Lesson 3: Morphology

Types of Morphemes

Morphemes: they are the smallest units of language, that is, any part of a word that cannot be broken down into smaller meaningful parts including the whole world itself. Examples: items, stems. The word ‘stems’ can be divided into meaningful parts (stem/ and plural suffix ‘s’). Neither of these can be divided into smaller parts that have meaning. For this reason ‘stem’ and ‘s’ are to be seen as morphemes. Free morphemes can stand alone as independent words ‘stem’, bound morphemes cannot stand alone as independent words and they need to be attached to other morphemes.

Affixes have plural ‘s’ and are always bound while sometimes ‘root’ can be bound. Examples: ‘meaning-ful or ceive of deceive’. Content morphemes are morphemes that have relatively more specific meaning than function morphemes and fall into the classes of Noun, Verb, Adjective, Adverb. Functional morphemes are morphemes that have relatively less specific meaning than content morphemes; their function consists of signalling relationships between other morphemes.

They generally fall into classes such as Articles (a, the) Prepositions (of, at), Auxiliary Verbs (was smiling, have opened). Simple words consist of single morphemes and the words cannot be analysed into smaller meaningful parts (item, dog, cat); complex words consist of root morphemes plus one or more affixes (items, dogs, reading, readers). Base is an element (free or bound, root morpheme or complex word) in which additional morphemes are attached. It is also called ‘stem’. A base can also be a single ‘root’ morpheme as in the following example: tolerant in intolerant. However the base can be regarded as a word itself that has more than one morpheme.

Here, there is an instance: ‘subconsciously: sub-conscious-ly’. We have the word ‘conscious’ as a base to form another word ‘subconsciously’. Root usually is free and is a morpheme around which words can be built thanks to the addition of affixes: the root ‘clear’ can have affixes added to it so as to form ‘clearer, clearest, unclear, clearly’. Affixes are bound morphemes which are attached to a base.

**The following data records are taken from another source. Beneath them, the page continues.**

text \<open>Where regularity enters: if \<open>tt't = t\<close> and \<open>\<phi> s \<in> \<phi>(Mt)\<close>, then \<open>\<phi>(st't) = \<phi> s\<close>.\<close>

lemma ideal_image_member_fixed:
  assumes "monoid M" "monoid N" "\<phi> \<in> monoid_hom M N"
    and st: "s \<in> carrier M" "t \<in> carrier M" "t' \<in> carrier M"
    and idem: "t \<otimes>\<^bsub>M\<^esub> t' \<otimes>\<^bsub>M\<^esub> t = t"
    and mem: "\<phi> s \<in> ideal_image M \<phi> t"
  shows "\<phi> (s \<otimes>\<^bsub>M\<^esub> t' \<otimes>\<^bsub>M\<^esub> t) = \<phi> s"
proof -
  obtain a where a: "a \<in> carrier M" "\<phi> s = \<phi> (a \<otimes>\<^bsub>M\<^esub> t)"
    using mem by (auto simp: ideal_image_def left_ideal_def)
  have "\<phi> (s \<otimes>\<^bsub>M\<^esub> t' \<otimes>\<^bsub>M\<^esub> t) = \<phi> s \<otimes>\<^bsub>N\<^esub> \<phi> t' \<otimes>\<^bsub>N\<^esub> \<phi> t"
    using assms by (simp add: monoid_hom_mult monoid.m_closed)
  also have "\<dots> = \<phi> a \<otimes>\<^bsub>N\<^esub> (\<phi> t \<otimes>\<^bsub>N\<^esub> \<phi> t' \<otimes>\<^bsub>N\<^esub> \<phi> t)"
    using assms a by (simp add: monoid_hom_mult monoid_hom_closed monoid.m_assoc monoid.m_closed)
  also have "\<phi> t \<otimes>\<^bsub>N\<^esub> \<phi> t' \<otimes>\<^bsub>N\<^esub> \<phi> t = \<phi> t"
    using assms by (metis monoid_hom_mult monoid.m_closed)
  finally show ?thesis using assms a by (simp add: monoid_hom_mult)
qed
(* In $D_n$ the following hold. (1) For all $1\le p<q\le n-1$: $w_q\cdot w_p=w_p\cdot w_q$. (2) For $1\le p<q\le n$ with $p\le n-1$ and $1\le i_q\le q-1$: $$t_{q}^{i_{q}} \cdot w_{p}=\begin{cases} w_{i_{q}} \cdot t_{q}^{i_{q}} & q= p + i_{q}, \\ w_{i_{q}} \cdot w_{p+i_{q}} \cdot t_{q}^{i_{q}} & q > p + i_{q}, \\ w_{p+i_{q}-q} \cdot w_{i_{q}} \cdot t_{q}^{i_{q}} & q < p + i_{q}. \end{cases}$$ (3) For $2\le p<q\le n-1$ and $1\le i_p\le p-1$: $w_q\cdot t_p^{i_p}=w_{i_p}\cdot t_p^{i_p}\cdot w_q$.
   Context: $D_n$ ($n\ge 2$) is the Coxeter group with generators $s_{1'},s_1,\dots,s_{n-1}$ and relations $s^2=1$, $(s_i s_{i+1})^3=1$, $(s_is_j)^2=1$ for $|i-j|\ge 2$, $(s_{1'}s_2)^3=1$, $(s_{1'}s_i)^2=1$ for $i\ne 2$. For $2\le k\le n$, $t_k=s_1s_2\cdots s_{k-1}$; for $1\le k\le n-1$, $w_k=s_k s_{k-1}\cdots s_2 s_1 s_{1'} s_2\cdots s_k$. *)

theory Defs
  imports Main
begin

text \<open>Generators of D_n: S1' is s_{1'}, S i is s_i (1 <= i <= n-1).
  The group D_n is the quotient of the free monoid on these letters by the
  congruence generated by the Coxeter relators (presentation).\<close>

datatype gen = S1' | S nat

definition valid_gen :: "nat \<Rightarrow> gen \<Rightarrow> bool" where
  "valid_gen n g = (case g of S1' \<Rightarrow> True | S i \<Rightarrow> 1 \<le> i \<and> i \<le> n - 1)"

They are divided into ‘prefixes’ that are attached to the front of a base, ‘suffixes’ that are attached to the end of a base and ‘infixes’ that are rarely found in English and are inserted inside of a root. Examples: prefix ‘de’ (decodify), (deambulation), (decoder); ‘un’ (untrue), (untidy); suffix ‘ly’ (manily), ‘able’ (capable), ‘ous’ (dangerous). Examples with both prefixes and subfixes are ‘unspeakable’(un-speak-able), ‘subconsciously’ (sub-conscious-ly), ‘unbelievable’ (un-believe-able).